Second, you can see that there is a shape difference. It can be better characterized by looking at the ratio of data/MC as a function of the neutrino energy.

##Construct the data/MC ratio and plot with error bars

The `plt.hist` function returns the bin contents and bin edges in arrays.  You want to construct the data/MC ratio of the bin contents and make a plot vs. neutrino energy. Clearly, a bin spans a range of energies but the most representative value is the center of the bin. You will want to plot the ratio as points with error bars. Recall that in the single-photon version of the double slit experiment we were doing a counting experiment and in that case the uncertainty is the square root of the number of counts. We are in the same situation here. Each bin of each of the histograms is an independent counting experiment, so estimate the uncertainties accordingly. Make sure your axes are labeled.

##Neutrino oscillations

Now, here's the physics, much of which can be understood with the knowledge you'll learn in QM-I and Modern. For simplicity, we'll just consider the case where we have two neutrinos $\nu_\mu$ and $\nu_\tau$. As it turns out that's a very good approximation in our situation. 

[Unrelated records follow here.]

(* Let $O_1(\mathbf v,d)=HC_F(\mathbf v,d)\setminus(\hat\ell_1\cup\hat\ell_2\cup\hat\ell_4)$. Then the closure of $\alpha(O_1(\mathbf v,d))$ in $\mathbb{C}P^2$ is contained in $V(\mathbf v,d)$, and $\alpha$ restricts to a rational map $\alpha:HC_F(\mathbf v,d)\dashrightarrow V(\mathbf v,d)$.
   Context: On $\mathbb{C}P^4$ use homogeneous coordinates $[w_0,w_1,w_2,w_3,x_1]$; let $Y$ be the surface $w_0w_3-w_1w_2=0$, $x_1^2+w_0w_3=0$. For parameters $[\mathbf v,d]=[v_{11},v_{12},v_{21},v_{22},d]\in\mathbb{C}P^4$ (complex, not all zero) set $a_1=v_{11}-v_{21}-d$, $a_2=-v_{11}-v_{21}+d$, $a_3=v_{11}+v_{21}+d$, $a_4=-v_{11}+v_{21}-d$, and let $HC_F(\mathbf v,d)$ be the set of points of $Y$ satisfying $2\big(v_{22}(w_3-w_0)-v_{12}(w_2-w_1)\big)x_1+a_1w_0w_1+a_2w_0w_2+a_3w_1w_3+a_4w_2w_3=0$. The lines $\hat\ell_1=\{[w_0,w_1,0,0,0]\}$, $\hat\ell_2=\{[w_0,0,w_2,0,0]\}$, $\hat\ell_4=\{[0,w_1,0,w_3,0]\}$ lie on $Y$. Define the rational map $\alpha:Y\dashrightarrow\mathbb{C}P^2$, $\alpha([w_0,w_1,w_2,w_3,x_1])=[w_3x_1,w_2x_1,w_2w_3]$ (defined where these three are not all zero). On $\mathbb{C}P^2$ with coordinates $[u_0,u_1,u_2]$ let $V(\mathbf v,d)$ be the plane quartic curve $P=0$, where $P=a_4u_2^4+2(v_{22}u_0-v_{12}u_1)u_2^3-(a_3u_0^2+a_2u_1^2)u_2^2+2u_0u_1(v_{22}u_1-v_{12}u_0)u_2+a_1u_0^2u_1^2$. *)

theory Defs
  imports "HOL-Analysis.Analysis"
begin

type_synonym c5 = "complex \<times> complex \<times> complex \<times> complex \<times> complex"
type_synonym c3 = "complex \<times> complex \<times> complex"

text \<open>Points of CP^4 and CP^2 are complex lines through the origin, represented
  as the set of nonzero multiples of a nonzero representative.\<close>

definition proj4 :: "c5 \<Rightarrow> c5 set" where
  "proj4 w = (case w of (w0,w1,w2,w3,x1) \<Rightarrow>
     {(c*w0, c*w1, c*w2, c*w3, c*x1) | c. c \<noteq> 0})"

definition proj2 :: "c3 \<Rightarrow> c3 set" where
  "proj2 u = (case u of (u0,u1,u2) \<Rightarrow> {(c*u0, c*u1, c*u2) | c. c \<noteq> 0})"

definition CP2 :: "c3 set set" where
  "CP2 = {proj2 u | u. u \<noteq> 0}"

definition CP2_topology :: "c3 set topology" where
  "CP2_topology = topology (\<lambda>U. U \<subseteq> CP2 \<and> open {u. u \<noteq> 0 \<and> proj2 u \<in> U})"

definition Y_eqs :: "c5 \<Rightarrow> bool" where
  "Y_eqs w = (case w of (w0,w1,w2,w3,x1) \<Rightarrow>
      w0*w3 - w1*w2 = 0 \<and> x1^2 + w0*w3 = 0)"

definition acoef :: "complex \<Rightarrow> complex \<Rightarrow> complex
   \<Rightarrow> complex \<times> complex \<times> complex \<times> complex" where
  "acoef v11 v21 d = (v11 - v21 - d, - v11 - v21 + d, v11 + v21 + d, - v11 + v21 - d)"

definition HC_eq :: "complex \<Rightarrow> complex \<Rightarrow> complex \<Rightarrow> complex \<Rightarrow> complex \<Rightarrow> c5 \<Rightarrow> bool" where
  "HC_eq v11 v12 v21 v22 d w = (case w of (w0,w1,w2,w3,x1) \<Rightarrow>
     (case acoef v11 v21 d of (a1,a2,a3,a4) \<Rightarrow>
      2 * (v22*(w3 - w0) - v12*(w2 - w1)) * x1
        + a1*w0*w1 + a2*w0*w2 + a3*w1*w3 + a4*w2*w3 = 0))"

definition HC_F :: "complex \<Rightarrow> complex \<Rightarrow> complex \<Rightarrow> complex \<Rightarrow> complex \<Rightarrow> c5 set set" where
  "HC_F v11 v12 v21 v22 d =
     {proj4 w | w. w \<noteq> 0 \<and> Y_eqs w \<and> HC_eq v11 v12 v21 v22 d w}"

definition line1 :: "c5 set set" where
  "line1 = {proj4 (w0,w1,0,0,0) | w0 w1. (w0,w1) \<noteq> (0,0)}"
definition line2 :: "c5 set set" where
  "line2 = {proj4 (w0,0,w2,0,0) | w0 w2. (w0,w2) \<noteq> (0,0)}"
definition line4 :: "c5 set set" where
  "line4 = {proj4 (0,w1,0,w3,0) | w1 w3. (w1,w3) \<noteq> (0,0)}"

definition O1 :: "complex \<Rightarrow> complex \<Rightarrow> complex \<Rightarrow> complex \<Rightarrow> complex \<Rightarrow> c5 set set" where
  "O1 v11 v12 v21 v22 d = HC_F v11 v12 v21 v22 d - (line1 \<union> line2 \<union> line4)"

definition alpha_rep :: "c5 \<Rightarrow> c3" where
  "alpha_rep w = (case w of (w0,w1,w2,w3,x1) \<Rightarrow> (w3*x1, w2*x1, w2*w3))"

definition alpha_img :: "c5 set set \<Rightarrow> c3 set set" where
  "alpha_img S = {proj2 (alpha_rep w) | w. w \<noteq> 0 \<and> proj4 w \<in> S \<and> alpha_rep w \<noteq> 0}"

definition quarticP :: "complex \<Rightarrow> complex \<Rightarrow> complex \<Rightarrow> complex \<Rightarrow> complex \<Rightarrow> c3 \<Rightarrow> complex" where
  "quarticP v11 v12 v21 v22 d u = (case u of (u0,u1,u2) \<Rightarrow>
     (case acoef v11 v21 d of (a1,a2,a3,a4) \<Rightarrow>
       a4*u2^4 + 2*(v22*u0 - v12*u1)*u2^3 - (a3*u0^2 + a2*u1^2)*u2^2
       + 2*u0*u1*(v22*u1 - v12*u0)*u2 + a1*u0^2*u1^2))"

definition Vcurve :: "complex \<Rightarrow> complex \<Rightarrow> complex \<Rightarrow> complex \<Rightarrow> complex \<Rightarrow> c3 set set" where
  "Vcurve v11 v12 v21 v22 d = {proj2 u | u. u \<noteq> 0 \<and> quarticP v11 v12 v21 v22 d u = 0}"

end

theory Submission
  imports Defs
begin

text \<open>On the surface Y the pull-back of the quartic along alpha factors as
  P(alpha(w)) = (w2 w3)^3 F(w), where F(w) = 0 is the equation cutting out HC_F inside Y.
  Hence alpha maps HC_F into the curve V, and since V is closed in CP^2 (the zero set of a
  homogeneous polynomial), it also contains the closure of the image of the open part O1.\<close>

lemma istopology_final:
  "istopology (\<lambda>U. U \<subseteq> S \<and> open {x. P x \<and> f x \<in> U})"
  unfolding istopology_def
proof (rule conjI; intro allI impI)
  fix U V assume "U \<subseteq> S \<and> open {x. P x \<and> f x \<in> U}" "V \<subseteq> S \<and> open {x. P x \<and> f x \<in> V}"
  moreover have "{x. P x \<and> f x \<in> U \<inter> V} = {x. P x \<and> f x \<in> U} \<inter> {x. P x \<and> f x \<in> V}"
    by auto
  ultimately show "U \<inter> V \<subseteq> S \<and> open {x. P x \<and> f x \<in> U \<inter> V}"
    by (auto intro: open_Int)
next
  fix K assume K: "\<forall>U\<in>K. U \<subseteq> S \<and> open {x. P x \<and> f x \<in> U}"
  have "{x. P x \<and> f x \<in> \<Union>K} = (\<Union>U\<in>K. {x. P x \<and> f x \<in> U})"
    by auto
  moreover have "open (\<Union>U\<in>K. {x. P x \<and> f x \<in> U})"
    using K by (intro open_UN) blast
  ultimately show "\<Union>K \<subseteq> S \<and> open {x. P x \<and> f x \<in> \<Union>K}"
    using K by auto
qed

lemma openin_CP2_topology:
  "openin CP2_topology U \<longleftrightarrow> U \<subseteq> CP2 \<and> open {u. u \<noteq> 0 \<and> proj2 u \<in> U}"
  unfolding CP2_topology_def using istopology_final[of CP2 "\<lambda>u. u \<noteq> 0" proj2] by simp

lemma topspace_CP2_topology: "topspace CP2_topology = CP2"
proof (rule subset_antisym)
  show "topspace CP2_topology \<subseteq> CP2"
    unfolding topspace_def openin_CP2_topology by blast
  have "{u. u \<noteq> 0 \<and> proj2 u \<in> CP2} = - {0}"
    by (auto simp: CP2_def)
  then have "openin CP2_topology CP2"
    by (simp add: openin_CP2_topology open_Compl)
  then show "CP2 \<subseteq> topspace CP2_topology"
    by (rule openin_subset)
qed

lemma mem_proj2_iff: "u' \<in> proj2 (a, b, e) \<longleftrightarrow> (\<exists>c. c \<noteq> 0 \<and> u' = (c*a, c*b, c*e))"
  unfolding proj2_def by auto

lemma mem_proj4_iff:
  "w' \<in> proj4 (w0, w1, w2, w3, x1) \<longleftrightarrow>
     (\<exists>c. c \<noteq> 0 \<and> w' = (c*w0, c*w1, c*w2, c*w3, c*x1))"
  unfolding proj4_def by auto

lemma mem_proj2_self: "u \<in> proj2 u"
  by (cases u) (auto simp: mem_proj2_iff intro: exI[of _ 1])

lemma mem_proj4_self: "w \<in> proj4 w"
  by (cases w) (auto simp: mem_proj4_iff intro: exI[of _ 1])

lemma proj2_mem_zero_locus_iff:
  assumes scale: "\<And>c a b e. f (a, b, e) = 0 \<Longrightarrow> f (c*a, c*b, c*e) = 0"
    and "u \<noteq> 0"
  shows "proj2 u \<in> {proj2 u' | u'. u' \<noteq> 0 \<and> f u' = 0} \<longleftrightarrow> f u = 0"
proof
  assume "proj2 u \<in> {proj2 u' | u'. u' \<noteq> 0 \<and> f u' = 0}"
  then obtain a b e where eq: "proj2 u = proj2 (a, b, e)" and "f (a, b, e) = 0"
    by auto
  moreover have "u \<in> proj2 (a, b, e)"
    using eq mem_proj2_self by metis
  ultimately show "f u = 0"
    using scale by (auto simp: mem_proj2_iff)
qed (use \<open>u \<noteq> 0\<close> in blast)

lemma closedin_CP2_zero_locus:
  fixes f :: "c3 \<Rightarrow> complex"
  assumes "continuous_on UNIV f"
    and scale: "\<And>c a b e. f (a, b, e) = 0 \<Longrightarrow> f (c*a, c*b, c*e) = 0"
  shows "closedin CP2_topology {proj2 u | u. u \<noteq> 0 \<and> f u = 0}"
    (is "closedin _ ?Z")
proof -
  have "?Z \<subseteq> CP2"
    unfolding CP2_def by auto
  have "u \<noteq> 0 \<and> proj2 u \<in> CP2 - ?Z \<longleftrightarrow> u \<in> - {0} \<inter> {u. f u \<noteq> 0}" for u
  proof -
    have "u \<noteq> 0 \<Longrightarrow> proj2 u \<in> CP2"
      unfolding CP2_def by blast
    then show ?thesis
      using proj2_mem_zero_locus_iff[where f = f, OF scale] by blast
  qed
  then have "{u. u \<noteq> 0 \<and> proj2 u \<in> CP2 - ?Z} = - {0} \<inter> {u. f u \<noteq> 0}"
    by blast
  moreover have "open {u. f u \<noteq> 0}"
    using assms(1) by (intro open_Collect_neq continuous_intros) (auto intro: continuous_on_id)
  ultimately have "openin CP2_topology (CP2 - ?Z)"
    by (simp add: openin_CP2_topology open_Int open_Compl)
  then show ?thesis
    using \<open>?Z \<subseteq> CP2\<close> by (simp add: closedin_def topspace_CP2_topology)
qed

lemma quarticP_scale:
  "quarticP v11 v12 v21 v22 d (c*a, c*b, c*e) = c^4 * quarticP v11 v12 v21 v22 d (a, b, e)"
  unfolding quarticP_def acoef_def
  by (simp add: algebra_simps power2_eq_square power3_eq_cube power4_eq_xxxx)

lemma continuous_on_quarticP: "continuous_on UNIV (quarticP v11 v12 v21 v22 d)"
  unfolding quarticP_def acoef_def case_prod_beta by (intro continuous_intros)

lemma closedin_Vcurve: "closedin CP2_topology (Vcurve v11 v12 v21 v22 d)"
  unfolding Vcurve_def
  by (rule closedin_CP2_zero_locus[OF continuous_on_quarticP]) (simp add: quarticP_scale)

lemma Y_eqs_scale:
  assumes "Y_eqs (w0, w1, w2, w3, x1)"
  shows "Y_eqs (c*w0, c*w1, c*w2, c*w3, c*x1)"
proof -
  have "c*w0*(c*w3) - c*w1*(c*w2) = c^2 * (w0*w3 - w1*w2)"
    and "(c*x1)^2 + c*w0*(c*w3) = c^2 * (x1^2 + w0*w3)"
    by (simp_all add: power2_eq_square algebra_simps)
  with assms show ?thesis
    unfolding Y_eqs_def prod.case by (simp only: mult_zero_right)
qed

lemma HC_eq_scale:
  assumes "HC_eq v11 v12 v21 v22 d (w0, w1, w2, w3, x1)"
  shows "HC_eq v11 v12 v21 v22 d (c*w0, c*w1, c*w2, c*w3, c*x1)"
proof -
  obtain a1 a2 a3 a4 where a: "acoef v11 v21 d = (a1, a2, a3, a4)"
    by (cases "acoef v11 v21 d") auto
  have "2 * (v22*(c*w3 - c*w0) - v12*(c*w2 - c*w1)) * (c*x1)
        + a1*(c*w0)*(c*w1) + a2*(c*w0)*(c*w2) + a3*(c*w1)*(c*w3) + a4*(c*w2)*(c*w3)
      = c^2 * (2 * (v22*(w3 - w0) - v12*(w2 - w1)) * x1
        + a1*w0*w1 + a2*w0*w2 + a3*w1*w3 + a4*w2*w3)"
    by (simp add: power2_eq_square algebra_simps)
  with assms show ?thesis
    unfolding HC_eq_def a prod.case by (simp only: mult_zero_right)
qed

lemma HC_F_memD:
  assumes "proj4 w \<in> HC_F v11 v12 v21 v22 d"
  shows "Y_eqs w \<and> HC_eq v11 v12 v21 v22 d w"
proof -
  obtain w0 w1 w2 w3 x1 where eq: "proj4 w = proj4 (w0, w1, w2, w3, x1)"
    and Y: "Y_eqs (w0, w1, w2, w3, x1)" and HC: "HC_eq v11 v12 v21 v22 d (w0, w1, w2, w3, x1)"
    using assms unfolding HC_F_def by auto
  have "w \<in> proj4 (w0, w1, w2, w3, x1)"
    using eq mem_proj4_self by metis
  then obtain c where "w = (c*w0, c*w1, c*w2, c*w3, c*x1)"
    by (auto simp: mem_proj4_iff)
  with Y HC show ?thesis
    using Y_eqs_scale HC_eq_scale by simp
qed

lemma quartic_pullback_factor:
  fixes w0 w1 w2 w3 x1 p q a1 a2 a3 a4 :: complex
  assumes "w0*w3 - w1*w2 = 0" and "x1^2 + w0*w3 = 0"
  shows "a4*(w2*w3)^4 + 2*(p*(w3*x1) - q*(w2*x1))*(w2*w3)^3
       - (a3*(w3*x1)^2 + a2*(w2*x1)^2)*(w2*w3)^2
       + 2*(w3*x1)*(w2*x1)*(p*(w2*x1) - q*(w3*x1))*(w2*w3) + a1*(w3*x1)^2*(w2*x1)^2
     = (w2*w3)^3 * (2*(p*(w3 - w0) - q*(w2 - w1))*x1
         + a1*w0*w1 + a2*w0*w2 + a3*w1*w3 + a4*w2*w3)"
  using assms by algebra

lemma quarticP_alpha_rep_eq_0:
  assumes "Y_eqs w" and "HC_eq v11 v12 v21 v22 d w"
  shows "quarticP v11 v12 v21 v22 d (alpha_rep w) = 0"
proof -
  obtain w0 w1 w2 w3 x1 where w: "w = (w0, w1, w2, w3, x1)"
    by (cases w) auto
  obtain a1 a2 a3 a4 where a: "acoef v11 v21 d = (a1, a2, a3, a4)"
    by (cases "acoef v11 v21 d") auto
  have "w0*w3 - w1*w2 = 0" and "x1^2 + w0*w3 = 0"
    using assms(1) unfolding w Y_eqs_def prod.case by blast+
  moreover have "2 * (v22*(w3 - w0) - v12*(w2 - w1)) * x1
      + a1*w0*w1 + a2*w0*w2 + a3*w1*w3 + a4*w2*w3 = 0"
    using assms(2) unfolding w HC_eq_def a prod.case .
  ultimately show ?thesis
    unfolding w quarticP_def alpha_rep_def a prod.case
    by (simp only: quartic_pullback_factor mult_zero_right)
qed

lemma alpha_img_HC_F_subset_Vcurve:
  "alpha_img (HC_F v11 v12 v21 v22 d) \<subseteq> Vcurve v11 v12 v21 v22 d"
  unfolding alpha_img_def Vcurve_def
  using HC_F_memD quarticP_alpha_rep_eq_0 by blast

theorem lemma6p2:
  fixes v11 v12 v21 v22 d :: complex
  assumes "(v11, v12, v21, v22, d) \<noteq> 0"
  shows "CP2_topology closure_of (alpha_img (O1 v11 v12 v21 v22 d)) \<subseteq> Vcurve v11 v12 v21 v22 d
       \<and> alpha_img (HC_F v11 v12 v21 v22 d) \<subseteq> Vcurve v11 v12 v21 v22 d"
proof
  show HC_F_image: "alpha_img (HC_F v11 v12 v21 v22 d) \<subseteq> Vcurve v11 v12 v21 v22 d"
    by (rule alpha_img_HC_F_subset_Vcurve)
  have "alpha_img (O1 v11 v12 v21 v22 d) \<subseteq> alpha_img (HC_F v11 v12 v21 v22 d)"
    unfolding alpha_img_def O1_def by blast
  then have "alpha_img (O1 v11 v12 v21 v22 d) \<subseteq> Vcurve v11 v12 v21 v22 d"
    using HC_F_image by (rule order_trans)
  then show "CP2_topology closure_of (alpha_img (O1 v11 v12 v21 v22 d)) \<subseteq> Vcurve v11 v12 v21 v22 d"
    using closedin_Vcurve by (rule closure_of_minimal)
qed

end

#### mass and flavor eigenstates

_If neutrinos have mass_ we can express any neutrino wave function in terms of the eigenstates of the Hamiltonian $\mathcal{H}$ (the energy operator in QM):

$$ \mathcal{H} | \nu_1 \rangle = E_1 | \nu_1 \rangle $$
$$ \mathcal{H} | \nu_2 \rangle = E_2 | \nu_2 \rangle $$

If the neutrino is at rest, then the energy is just the rest energy - the mass:

$$ \mathcal{H} | \nu_1 \rangle = m_1 | \nu_1 \rangle $$
$$ \mathcal{H} | \nu_2 \rangle = m_2 | \nu_2 \rangle $$


Those are the _mass eigenstates_. We can also express any neutrino wavefunction in terms of flavor ($\nu_\mu$,$\nu_\tau$) states, defined by which charged lepton ($\nu$,$\tau$) they are partnered with. As it turns out, there is no reason that a neutrino flavor eigenstate also corresponds to a mass eigenstate. Instead they could be related by a mixing matrix:

$$
\left[
\begin{array}{l}
\nu_\mu\\
\nu_\tau
\end{array}
\right]
=
\left[
\begin{array}{ll}
\cos\theta & \sin\theta \\
-\sin\theta & \cos\theta
\end{array}
\right]
\left[
\begin{array}{l}
\nu_1\\
\nu_2
\end{array}
\right]
$$

#### Born as a flavor, moves as a mass

When a pion decays it produces a muon and, since they are partners, a muon neutrino.  The neutrinos in our neutrino beam therefore start ($t=0$) as pure $\nu_\mu$ states, which we can write as a combination of $\nu_1$ and $\nu_2$ states:

$$| \nu_\mu (0) \rangle = \cos\theta |\nu_1 \rangle + \sin\theta | \nu_2 \rangle $$

According to Schroedinger's equation, the wavefunction at a later time is:

$$| \nu_\mu (t) \rangle =  e^{-i E_1 t}\cos\theta |\nu_1 \rangle + e^{-i E_2 t} \sin\theta | \nu_2 \rangle $$

#### $\nu_\mu$ disappearance

If we create a $\nu_\mu$ and then observe it later, the probability that we see a $\nu_\mu$ is:

$$ P(\nu_\mu \to \nu_\mu) = |\langle \nu_\mu (0) | \nu_\mu (t) \rangle|^{2} = \left| e^{i E_1 t}\cos^2\theta + e^{i E_2 t} \sin^2\theta \right|^2 $$

With a little manipulation this becomes the _oscillation formula_:

$$ P(\nu_\mu \to \nu_\mu) =  1 - \sin^2 2\theta \sin^2\left(1.27 \frac{\Delta m^2 L}{E}\right)$$

where $\Delta m^2 \equiv m_2^2 - m_1^2$ in units of $\mathrm{eV^2}$, $L$ is the distance between creation and detector ($L=735~\mathrm{km}$ in our case) and $E$ is the neutrino energy in GeV. The $1.27$ takes care of the units, factors of $\pi$, etc.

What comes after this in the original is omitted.